The number of RAGT sessions was identified as an important determinant. Earlier RAGT studies suggest that an increased number of RAGT sessions is positively associated with fall-related balance improvements (Swinnen et al., 2014; Chung, 2017). Straudi et al. found that stroke patients who achieved higher functional recovery spent more time in the hospital and received more RAGT sessions than those who did not (Straudi et al., 2020). This finding supports the idea that the RAGT stroke rehabilitation strategy enhances hip and knee muscle strength (as evidenced by hip and knee torque) in the paretic limb, leading to improvements in fall-related balance control, gait symmetry, and speed determinant factors.
Study limitations
The limitations of this study should be considered in future research. One major limitation is that our study included a heterogeneous sample size and number of RAGT intervention sessions. Another limitation is that we focused on changes in fall-related balance in response to RAGT parameters and clinical outcome measures. Careful interpretation should be applied when generalizing our RAGT parameters for subacute post-stroke neurorehabilitation. Nevertheless, this is the first clinical evidence highlighting an important predictive model and identifying the cardinal determinants of RAGT intervention.
Conclusion
Our clinical machine model data demonstrated that the random forest algorithm was the best prediction model for identifying fall-related balance factors and RAGT determinants, highlighting the importance of key factors for successful RAGT outcome performance in fall-related balance and gait improvement. Our results provide important clinical insights into how clinical ML can help accurately identify fall-related balance factors and important attributes of RAGT protocols when designing effective and sustainable RAGT strategies in post-stroke individuals at a higher risk of falls.
Footnotes
Acknowledgments
The authors have no acknowledgments.
Conflict of interest
The authors have no conflicts of interest to declare.
Funding
This study was supported by the National Research Foundation of Korea (NRF) Grant funded by the Korean Government (MSIT) (Grant No.
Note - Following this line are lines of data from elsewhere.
lemma card_row_covering_inclusion_exclusion:
  fixes J :: "'j set" and V :: "'v set" and D :: "('v \<times> 'v) set"
  assumes "finite J" "finite V" "D \<subseteq> V \<times> V"
  shows "int (card {c \<in> J \<rightarrow>\<^sub>E D. \<forall>v\<in>V. v \<in> fst ` c ` J \<and> v \<in> snd ` c ` J}) =
    (\<Sum>\<phi>\<in>V \<rightarrow>\<^sub>E UNIV. (\<Prod>v\<in>V. exclusion_sign (\<phi> v)) * int (card (admissible_columns D \<phi>)) ^ card J)"
proof -
  define avoids where "avoids c v e \<longleftrightarrow> (fst e \<longrightarrow> v \<notin> fst ` c ` J) \<and> (snd e \<longrightarrow> v \<notin> snd ` c ` J)"
    for c :: "'j \<Rightarrow> 'v \<times> 'v" and v e
  have "finite D"
    using assms(2,3) finite_subset by blast
  then have fin: "finite (J \<rightarrow>\<^sub>E D)"
    using assms(1) by (simp add: finite_PiE)
  have "int (card {c \<in> J \<rightarrow>\<^sub>E D. \<forall>v\<in>V. v \<in> fst ` c ` J \<and> v \<in> snd ` c ` J}) =
      (\<Sum>c\<in>J \<rightarrow>\<^sub>E D. \<Prod>v\<in>V. of_bool (v \<in> fst ` c ` J \<and> v \<in> snd ` c ` J))"
    using fin assms(2) by (simp add: prod_of_bool Int_def)
  also have "\<dots> = (\<Sum>c\<in>J \<rightarrow>\<^sub>E D. \<Prod>v\<in>V. \<Sum>e\<in>UNIV. exclusion_sign e * of_bool (avoids c v e))"
    unfolding avoids_def by (subst of_bool_conj_eq_sum_exclusions) (rule refl)
  also have "\<dots> = (\<Sum>c\<in>J \<rightarrow>\<^sub>E D. \<Sum>\<phi>\<in>V \<rightarrow>\<^sub>E UNIV. \<Prod>v\<in>V. exclusion_sign (\<phi> v) * of_bool (avoids c v (\<phi> v)))"
    using assms(2) by (simp only: prod_sum_PiE finite)
  also have "\<dots> = (\<Sum>\<phi>\<in>V \<rightarrow>\<^sub>E UNIV. \<Sum>c\<in>J \<rightarrow>\<^sub>E D. \<Prod>v\<in>V. exclusion_sign (\<phi> v) * of_bool (avoids c v (\<phi> v)))"
    by (rule sum.swap)
  also have "\<dots> = (\<Sum>\<phi>\<in>V \<rightarrow>\<^sub>E UNIV. (\<Prod>v\<in>V. exclusion_sign (\<phi> v)) *
      int (card {c \<in> J \<rightarrow>\<^sub>E D. \<forall>v\<in>V. avoids c v (\<phi> v)}))"
    using fin assms(2) by (simp add: prod.distrib prod_of_bool Int_def flip: sum_distrib_left)
  also have "\<dots> = (\<Sum>\<phi>\<in>V \<rightarrow>\<^sub>E UNIV. (\<Prod>v\<in>V. exclusion_sign (\<phi> v)) *
      int (card (admissible_columns D \<phi>)) ^ card J)"
    unfolding avoids_def columns_avoiding_eq_PiE[OF assms(3)] using assms(1) by (simp add: card_PiE)
  finally show ?thesis .
qed

definition venn_sizes :: "'a set \<Rightarrow> ('a \<Rightarrow> bool \<times> bool) \<Rightarrow> nat \<times> nat \<times> nat \<times> nat" where
  "venn_sizes V \<phi> =
     (card {v \<in> V. \<phi> v = (False, False)}, card {v \<in> V. \<phi> v = (True, False)},
      card {v \<in> V. \<phi> v = (False, True)}, card {v \<in> V. \<phi> v = (True, True)})"

lemma prod_exclusion_signs:
  assumes "finite V"
  shows "(\<Prod>v\<in>V. exclusion_sign (\<phi> v)) =
    (case venn_sizes V \<phi> of (s00, s10, s01, s11) \<Rightarrow> (-1) ^ (s10 + s01 + 2 * s11))"
  using prod_comp_eq_prod_power_card_fibres[OF assms, of exclusion_sign \<phi>]
  by (simp add: venn_sizes_def exclusion_sign_def UNIV_bool_times_bool power_add power_mult)

lemma int_card_admissible_distinct_pairs:
  "int (card (admissible_columns (distinct_pairs n) \<phi>)) =
    (case venn_sizes {1..n} \<phi> of (s00, s10, s01, s11) \<Rightarrow> int ((s00 + s10) * (s00 + s01)) - int s00)"
proof -
  let ?A = "{x \<in> {1..n}. \<not> fst (\<phi> x)}" and ?B = "{y \<in> {1..n}. \<not> snd (\<phi> y)}"
  let ?s = "\<lambda>e. card {v \<in> {1..n}. \<phi> v = e}"
  have "{e::bool \<times> bool. \<not> fst e} = {(False, False), (False, True)}"
    and "{e::bool \<times> bool. \<not> snd e} = {(False, False), (True, False)}"
    by auto
  then have "card ?A = ?s (False, False) + ?s (False, True)"
    and "card ?B = ?s (False, False) + ?s (True, False)"
    using card_filter_comp_eq_sum_card_fibres[of "{1..n}" "\<lambda>e. \<not> fst e" \<phi>]
      card_filter_comp_eq_sum_card_fibres[of "{1..n}" "\<lambda>e. \<not> snd e" \<phi>]
    by simp_all
  moreover have "?A \<inter> ?B = {x \<in> {1..n}. \<phi> x = (False, False)}"
    by (auto simp: prod_eq_iff)
  moreover have "admissible_columns (distinct_pairs n) \<phi> = {(x, y) \<in> ?A \<times> ?B. x \<noteq> y}"
    by (auto simp: admissible_columns_def distinct_pairs_def)
  ultimately have "card (admissible_columns (distinct_pairs n) \<phi>) + ?s (False, False) =
      (?s (False, False) + ?s (True, False)) * (?s (False, False) + ?s (False, True))"
    using card_off_diagonal[of ?A ?B] by (simp add: mult.commute)
  then show ?thesis
    unfolding venn_sizes_def prod.case by linarith
qed

definition venn_mset :: "nat \<times> nat \<times> nat \<times> nat \<Rightarrow> (bool \<times> bool) multiset" where
  "venn_mset q = (case q of (s00, s10, s01, s11) \<Rightarrow>
     replicate_mset s00 (False, False) + replicate_mset s10 (True, False) +
     replicate_mset s01 (False, True) + replicate_mset s11 (True, True))"

lemma eq_venn_mset_iff:
  "M = venn_mset (s00, s10, s01, s11) \<longleftrightarrow>
     (count M (False, False), count M (True, False), count M (False, True), count M (True, True)) =
     (s00, s10, s01, s11)"
proof
  assume counts: "(count M (False, False), count M (True, False), count M (False, True),
    count M (True, True)) = (s00, s10, s01, s11)"
  show "M = venn_mset (s00, s10, s01, s11)"
  proof (rule multiset_eqI)
    fix e :: "bool \<times> bool"
    show "count M e = count (venn_mset (s00, s10, s01, s11)) e"
      using counts by (cases e) (auto simp: venn_mset_def)
  qed
qed (simp add: venn_mset_def)

lemma card_permutations_of_venn_mset:
  "card (permutations_of_multiset (venn_mset (s00, s10, s01, s11))) =
     fact (s00 + s10 + s01 + s11) div (fact s00 * fact s10 * fact s01 * fact s11)"
proof -
  let ?M = "venn_mset (s00, s10, s01, s11)"
  have "(\<Prod>e\<in>set_mset ?M. fact (count ?M e)) = (\<Prod>e\<in>UNIV. fact (count ?M e) :: nat)"
    by (rule prod.mono_neutral_left) (auto simp: not_in_iff)
  also have "\<dots> = fact s00 * fact s10 * fact s01 * fact s11"
    by (simp add: UNIV_bool_times_bool venn_mset_def)
  finally show ?thesis
    by (simp add: card_permutations_of_multiset venn_mset_def)
qed

lemma bij_betw_PiE_lists:
  "bij_betw (\<lambda>\<phi>. map \<phi> [a..<b]) ({a..<b} \<rightarrow>\<^sub>E K) {xs. length xs = b - a \<and> set xs \<subseteq> K}"
proof (rule bij_betw_byWitness[where f' = "\<lambda>xs. \<lambda>v\<in>{a..<b}. xs ! (v - a)"])
  show "\<forall>\<phi>\<in>{a..<b} \<rightarrow>\<^sub>E K. (\<lambda>v\<in>{a..<b}. map \<phi> [a..<b] ! (v - a)) = \<phi>"
    by (auto simp: fun_eq_iff PiE_def extensional_def)
  show "\<forall>xs\<in>{xs. length xs = b - a \<and> set xs \<subseteq> K}. map (\<lambda>v\<in>{a..<b}. xs ! (v - a)) [a..<b] = xs"
    by (auto intro!: nth_equalityI)
  show "(\<lambda>\<phi>. map \<phi> [a..<b]) ` ({a..<b} \<rightarrow>\<^sub>E K) \<subseteq> {xs. length xs = b - a \<and> set xs \<subseteq> K}"
    by (auto simp: PiE_def Pi_def)
  show "(\<lambda>xs. \<lambda>v\<in>{a..<b}. xs ! (v - a)) ` {xs. length xs = b - a \<and> set xs \<subseteq> K} \<subseteq> {a..<b} \<rightarrow>\<^sub>E K"
    by (auto intro!: subsetD[OF _ nth_mem])
qed

lemma count_mset_map_upt: "count (mset (map \<phi> [a..<b])) e = card {v \<in> {a..<b}. \<phi> v = e}"
proof -
  have "count (mset (map \<phi> [a..<b])) e = length (filter (\<lambda>v. \<phi> v = e) [a..<b])"
    unfolding count_mset count_list_eq_length_filter filter_map o_def by (simp only: eq_commute length_map)
  also have "\<dots> = card {v \<in> {a..<b}. \<phi> v = e}"
    by (subst distinct_length_filter) (auto intro: arg_cong[where f = card])
  finally show ?thesis .
qed

lemma card_labellings_with_venn_sizes:
  assumes "s00 + s10 + s01 + s11 = b - a"
  shows "card {\<phi> \<in> {a..<b} \<rightarrow>\<^sub>E UNIV. venn_sizes {a..<b} \<phi> = (s00, s10, s01, s11)} =
    fact (b - a) div (fact s00 * fact s10 * fact s01 * fact s11)"
proof -
  let ?q = "(s00, s10, s01, s11)"
  have "bij_betw (\<lambda>\<phi>. map \<phi> [a..<b]) {\<phi> \<in> {a..<b} \<rightarrow>\<^sub>E UNIV. venn_sizes {a..<b} \<phi> = ?q}
      {xs \<in> {xs. length xs = b - a \<and> set xs \<subseteq> UNIV}. mset xs = venn_mset ?q}"
    by (rule bij_betw_Collect[OF bij_betw_PiE_lists])
      (simp only: eq_venn_mset_iff count_mset_map_upt venn_sizes_def)
  moreover have "{xs \<in> {xs. length xs = b - a \<and> set xs \<subseteq> UNIV}. mset xs = venn_mset ?q} =
      permutations_of_multiset (venn_mset ?q)"
    using assms by (auto simp: permutations_of_multiset_def venn_mset_def dest: arg_cong[where f = size])
  ultimately show ?thesis
    using assms by (simp add: bij_betw_same_card card_permutations_of_venn_mset)
qed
RS-2023-00221762); Regional Innovation Strategy (RIS) through the National Research Foundation of Korea (NRF) funded by the Ministry of Education (MOE) (2022RIS-005); the “Brain Korea 21 FOUR Project”; the Korean Research Foundation for the Department of Physical Therapy in the Graduate School of Yonsei University (Grant No. 2021-51-0151); and the Institute for Project-Y Seed Grant of 2023 (Grant No. 2023 -22 -0277).
Ethics statement
This study was approved by the Institutional Review Board of Myongji Choonhey Rehabilitation Hospital (MJCHIRB-2023-02) on October 04, 2023.
Data availability
The datasets used and/or analyzed in the current study are available from the corresponding author upon reasonable request.